In order to solve the above problems, a playback control method according to one aspect of the present disclosure receives a first playback request from a first terminal device in response to an instruction from a first user, receives a second playback request from a second terminal device in response to an instruction from a second user, obtains a first acoustic signal representing a sound in response to the first playback request and a second acoustic signal representing a sound having different acoustic characteristics from the sound represented by the first acoustic signal and in response to the second playback request, mixes the first acoustic signal with the second acoustic signal, and causes a playback system to play back the sound represented by the mixed acoustic signal.

A control system according to one aspect of the present disclosure includes a receiving unit that receives a first playback request from a first terminal device in response to an instruction from a first user and receives a second playback request from a second terminal device in response to an instruction from a second user, an acquiring unit that acquires a first acoustic signal representing a sound in response to the first playback request and a second acoustic signal representing a sound having acoustic characteristics different from the sound represented by the first acoustic signal and in response to the second playback request, a mixing unit that mixes the first acoustic signal and the second acoustic signal, and a playback unit that causes a playback system to play back the sound represented by the mixed acoustic signal.

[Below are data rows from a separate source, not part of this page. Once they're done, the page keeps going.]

lemma minimax_risk_ge_sum_min_sq:
  assumes pos: "\<forall>i<n. 0 < a i" and \<sigma>: "0 < \<sigma>"
  shows "ennreal ((\<Sum>i<n. (min (a i) \<sigma>)\<^sup>2) / 48) \<le> minimax_risk n \<sigma> a"
proof -
  define T where "T i = min (a i) \<sigma> / 2" for i
  have "PiE {..<n} (\<lambda>i. {- T i, T i}) \<subseteq> box n a"
    unfolding box_def using pos \<sigma> by (intro PiE_mono) (auto simp: T_def)
  moreover have "\<And>i. i < n \<Longrightarrow> 0 < T i \<and> T i \<le> \<sigma>"
    using pos \<sigma> by (auto simp: T_def)
  ultimately have "ennreal ((\<Sum>i<n. (T i)\<^sup>2) / 12) \<le> minimax_risk n \<sigma> a"
    by (intro minimax_risk_ge_hypercube)
  moreover have "(\<Sum>i<n. (T i)\<^sup>2) / 12 = (\<Sum>i<n. (min (a i) \<sigma>)\<^sup>2) / 48"
    by (simp add: T_def power_divide sum_divide_distrib[symmetric])
  ultimately show ?thesis by simp
qed

definition truncation_estimator :: "nat \<Rightarrow> nat \<Rightarrow> (nat \<Rightarrow> real) \<Rightarrow> (nat \<Rightarrow> real)" where
  "truncation_estimator n m y = restrict (\<lambda>i. if m \<le> i then y i else 0) {..<n}"

lemma truncation_estimator_in_estimators: "truncation_estimator n m \<in> estimators n"
  unfolding estimators_def vec_space_def truncation_estimator_def by measurable

lemma coordinate_risk_truncation_estimator:
  assumes "0 < \<sigma>" "i < n"
  shows "coordinate_risk n \<sigma> (truncation_estimator n m) \<mu> i = (if m \<le> i then ennreal (\<sigma>\<^sup>2) else ennreal ((\<mu> i)\<^sup>2))"
proof (cases "m \<le> i")
  case True
  then show ?thesis
    using assms nn_integral_gauss_noise_second_moment
    by (simp add: coordinate_risk_def truncation_estimator_def)
next
  case False
  then show ?thesis
    using assms prob_space.emeasure_space_1[OF prob_space_gauss_noise]
    by (simp add: coordinate_risk_def truncation_estimator_def)
qed

lemma risk_truncation_estimator_le:
  assumes \<sigma>: "0 < \<sigma>" and m: "m \<le> n" and \<mu>: "\<mu> \<in> box n a"
  shows "risk n \<sigma> (truncation_estimator n m) \<mu> \<le> ennreal (real (n - m) * \<sigma>\<^sup>2 + (\<Sum>i<m. (a i)\<^sup>2) / 4)"
proof -
  have bound: "\<bar>\<mu> i\<bar> \<le> a i / 2" if "i < n" for i
  proof -
    have "- a i / 2 \<le> \<mu> i \<and> \<mu> i \<le> a i / 2" using \<mu> that by (auto simp: box_def PiE_iff)
    then show ?thesis unfolding abs_le_iff by linarith
  qed
  have sq: "(\<mu> i)\<^sup>2 \<le> (a i)\<^sup>2 / 4" if "i < n" for i
    using power_mono[OF bound[OF that] abs_ge_zero, of 2] by (simp add: power_divide)
  have "risk n \<sigma> (truncation_estimator n m) \<mu> =
      (\<Sum>i<n. if m \<le> i then ennreal (\<sigma>\<^sup>2) else ennreal ((\<mu> i)\<^sup>2))"
    using \<sigma> by (simp add: risk_eq_sum_coordinate_risk truncation_estimator_in_estimators
        coordinate_risk_truncation_estimator)
  also have "\<dots> = (\<Sum>i<m. ennreal ((\<mu> i)\<^sup>2)) + (\<Sum>i\<in>{m..<n}. ennreal (\<sigma>\<^sup>2))"
  proof -
    have "{..<n} = {..<m} \<union> {m..<n}" "{..<m} \<inter> {m..<n} = {}" using m by auto
    then show ?thesis
      using sum.union_disjoint[of "{..<m}" "{m..<n}" "\<lambda>i. if m \<le> i then ennreal (\<sigma>\<^sup>2) else ennreal ((\<mu> i)\<^sup>2)"]
      by simp
  qed
  also have "\<dots> \<le> (\<Sum>i<m. ennreal ((a i)\<^sup>2 / 4)) + (\<Sum>i\<in>{m..<n}. ennreal (\<sigma>\<^sup>2))"
    using sq m by (intro add_mono sum_mono ennreal_leI) auto
  also have "\<dots> = ennreal (real (n - m) * \<sigma>\<^sup>2 + (\<Sum>i<m. (a i)\<^sup>2) / 4)"
    by (simp add: ennreal_of_nat_eq_real_of_nat sum_divide_distrib add.commute sum_nonneg
        flip: ennreal_mult ennreal_plus)
  finally show ?thesis .
qed

lemma minimax_risk_le_truncation:
  assumes "0 < \<sigma>" "m \<le> n"
  shows "minimax_risk n \<sigma> a \<le> ennreal (real (n - m) * \<sigma>\<^sup>2 + (\<Sum>i<m. (a i)\<^sup>2) / 4)"
  unfolding minimax_risk_def using assms
  by (intro INF_lower2[OF truncation_estimator_in_estimators[of n m]] SUP_least risk_truncation_estimator_le)

lemma sum_min_sq_eq_sum_sq:
  fixes a :: "nat \<Rightarrow> real"
  assumes "0 < \<sigma>" "(\<Sum>i<n. (a i)\<^sup>2) \<le> \<sigma>\<^sup>2"
  shows "(\<Sum>i<n. (min (a i) \<sigma>)\<^sup>2) = (\<Sum>i<n. (a i)\<^sup>2)"
proof (rule sum.cong)
  fix i assume "i \<in> {..<n}"
  then have "(a i)\<^sup>2 \<le> (\<Sum>i<n. (a i)\<^sup>2)" by (intro member_le_sum) auto
  with assms(2) have "(a i)\<^sup>2 \<le> \<sigma>\<^sup>2" by linarith
  then have "a i \<le> \<sigma>" by (rule power2_le_imp_le) (use assms(1) in linarith)
  then show "(min (a i) \<sigma>)\<^sup>2 = (a i)\<^sup>2" by simp
qed simp

lemma sum_min_sq_ge:
  fixes a :: "nat \<Rightarrow> real"
  assumes mono: "\<forall>i j. i \<le> j \<longrightarrow> j < n \<longrightarrow> a i \<le> a j" and k: "k < n"
    and h: "(real k + 1) * \<sigma>\<^sup>2 \<le> (\<Sum>i<n-k. (a i)\<^sup>2)"
  shows "(real k + 1) * \<sigma>\<^sup>2 \<le> (\<Sum>i<n. (min (a i) \<sigma>)\<^sup>2)"
proof (cases "\<sigma> \<le> a (n-k-1)")
  case True
  have "(real k + 1) * \<sigma>\<^sup>2 = (\<Sum>i\<in>{n-k-1..<n}. (min (a i) \<sigma>)\<^sup>2)"
  proof -
    have "min (a i) \<sigma> = \<sigma>" if "i \<in> {n-k-1..<n}" for i
      using that mono True by (smt (verit) atLeastLessThan_iff)
    then show ?thesis using k by simp
  qed
  also have "\<dots> \<le> (\<Sum>i<n. (min (a i) \<sigma>)\<^sup>2)"
    by (rule sum_mono2) auto
  finally show ?thesis .
next
  case False
  have "(\<Sum>i<n-k. (a i)\<^sup>2) = (\<Sum>i<n-k. (min (a i) \<sigma>)\<^sup>2)"
  proof (rule sum.cong)
    fix i assume "i \<in> {..<n-k}"
    then have "a i \<le> a (n-k-1)" using mono k by auto
    then show "(a i)\<^sup>2 = (min (a i) \<sigma>)\<^sup>2" using False by (simp add: min_def)
  qed simp
  also have "\<dots> \<le> (\<Sum>i<n. (min (a i) \<sigma>)\<^sup>2)"
    by (rule sum_mono2) auto
  finally show ?thesis using h by linarith
qed

lemma minimax_risk_ge_sum_sq:
  assumes "\<forall>i<n. 0 < a i" "0 < \<sigma>" "(\<Sum>i<n. (a i)\<^sup>2) \<le> \<sigma>\<^sup>2"
  shows "ennreal (1/96 * (\<Sum>i<n. (a i)\<^sup>2)) \<le> minimax_risk n \<sigma> a"
proof -
  have "1/96 * (\<Sum>i<n. (a i)\<^sup>2) \<le> (\<Sum>i<n. (min (a i) \<sigma>)\<^sup>2) / 48"
    using sum_min_sq_eq_sum_sq[OF assms(2,3)] by (simp add: sum_nonneg)
  then show ?thesis
    using minimax_risk_ge_sum_min_sq[OF assms(1,2)] by (rule order.trans[OF ennreal_leI])
qed

lemma minimax_risk_le_sum_sq:
  assumes "0 < \<sigma>"
  shows "minimax_risk n \<sigma> a \<le> ennreal (2 * (\<Sum>i<n. (a i)\<^sup>2))"
proof -
  have "real (n - n) * \<sigma>\<^sup>2 + (\<Sum>i<n. (a i)\<^sup>2) / 4 \<le> 2 * (\<Sum>i<n. (a i)\<^sup>2)"
    by (simp add: sum_nonneg)
  then show ?thesis
    by (rule order.trans[OF minimax_risk_le_truncation[OF assms order.refl] ennreal_leI])
qed

lemma minimax_risk_ge_min:
  fixes a :: "nat \<Rightarrow> real"
  assumes "\<forall>i<n. 0 < a i" "\<forall>i j. i \<le> j \<longrightarrow> j < n \<longrightarrow> a i \<le> a j" "0 < \<sigma>" "k < n"
    and "(real k + 1) * \<sigma>\<^sup>2 \<le> (\<Sum>i<n-k. (a i)\<^sup>2)"
  shows "ennreal (1/96 * min ((real k + 2) * \<sigma>\<^sup>2) (\<Sum>i<n. (a i)\<^sup>2)) \<le> minimax_risk n \<sigma> a"
proof -
  have "min ((real k + 2) * \<sigma>\<^sup>2) (\<Sum>i<n. (a i)\<^sup>2) \<le> 2 * ((real k + 1) * \<sigma>\<^sup>2)"
    by (simp add: min.coboundedI1 algebra_simps)
  then have "1/96 * min ((real k + 2) * \<sigma>\<^sup>2) (\<Sum>i<n. (a i)\<^sup>2) \<le> (\<Sum>i<n. (min (a i) \<sigma>)\<^sup>2) / 48"
    using sum_min_sq_ge[OF assms(2,4,5)] by linarith
  then show ?thesis
    using minimax_risk_ge_sum_min_sq[OF assms(1,3)] by (rule order.trans[OF ennreal_leI])
qed

lemma minimax_risk_le_min:
  fixes a :: "nat \<Rightarrow> real"
  assumes \<sigma>: "0 < \<sigma>" and k: "k < n" and h: "(real k + 2) * \<sigma>\<^sup>2 > (\<Sum>i<n-k-1. (a i)\<^sup>2)"
  shows "minimax_risk n \<sigma> a \<le> ennreal (2 * min ((real k + 2) * \<sigma>\<^sup>2) (\<Sum>i<n. (a i)\<^sup>2))"
proof (cases "(real k + 2) * \<sigma>\<^sup>2 \<le> (\<Sum>i<n. (a i)\<^sup>2)")
  case True
  have m_le: "n - k - 1 \<le> n" by simp
  have "n - (n - k - 1) = k + 1" using k by simp
  then have "real (n - (n - k - 1)) * \<sigma>\<^sup>2 + (\<Sum>i<n-k-1. (a i)\<^sup>2) / 4
      \<le> (real k + 1) * \<sigma>\<^sup>2 + (real k + 2) * \<sigma>\<^sup>2 / 4"
    using h by (simp add: add.commute)
  also have "\<dots> = ((real k + 1) + (real k + 2) / 4) * \<sigma>\<^sup>2"
    by (simp add: algebra_simps)
  also have "\<dots> \<le> 2 * (real k + 2) * \<sigma>\<^sup>2"
    by (intro mult_right_mono) auto
  also have "\<dots> = 2 * min ((real k + 2) * \<sigma>\<^sup>2) (\<Sum>i<n. (a i)\<^sup>2)"
    using True by (simp add: min_absorb1)
  finally have "real (n - (n - k - 1)) * \<sigma>\<^sup>2 + (\<Sum>i<n-k-1. (a i)\<^sup>2) / 4
      \<le> 2 * min ((real k + 2) * \<sigma>\<^sup>2) (\<Sum>i<n. (a i)\<^sup>2)" .
  then show ?thesis
    by (rule order.trans[OF minimax_risk_le_truncation[OF \<sigma> m_le] ennreal_leI])
next
  case False
  then show ?thesis using minimax_risk_le_sum_sq[OF \<sigma>, of n a] by (simp add: min_absorb2)
qed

A program according to one aspect of the present disclosure causes a computer to function as a receiving unit that receives from a first terminal device a first playback request in response to an instruction from a first user and receives from a second terminal device a second playback request in response to an instruction from a second user, an acquiring unit that acquires a first acoustic signal representing a sound in response to the first playback request and a second acoustic signal representing a sound having different acoustic characteristics from the sound represented by the first acoustic signal and in response to the second playback request, a mixing unit that mixes the first acoustic signal and the second acoustic signal, and a playing unit that causes a playback system to play back the sound represented by the mixed acoustic signal.

1 is a block diagram illustrating a configuration of a communication system in a first embodiment. FIG. 2 is a block diagram illustrating a configuration of a terminal device. 10 is a flowchart illustrating a specific procedure of a reception process. FIG. 2 is a block diagram illustrating a configuration of a control system. 10 is a flowchart illustrating a specific procedure of a playback control process. 13 is a flowchart illustrating a specific procedure of a regeneration control process in the fourth embodiment. 13A and 13B are explanatory diagrams of a setting process and an adjustment process in a reproduction control process according to a fourth embodiment. FIG. 13 is an explanatory diagram of a setting process in the fifth embodiment.

A: First embodiment Fig. 1 is a block diagram illustrating a configuration of a communication system 100 according to a first embodiment. The communication system 100 includes a plurality (N) of terminal devices 10_1 to 10_N, a control system 20, a recording system 30, and a playback system 40 (N is a natural number of 2 or more). In the following description, a subscript _n is added to the reference numeral of an element related to any one of the N terminal devices 10_1 to 10_N (n = 1 to N). Note that the number N of the terminal devices 10_n is a variable value.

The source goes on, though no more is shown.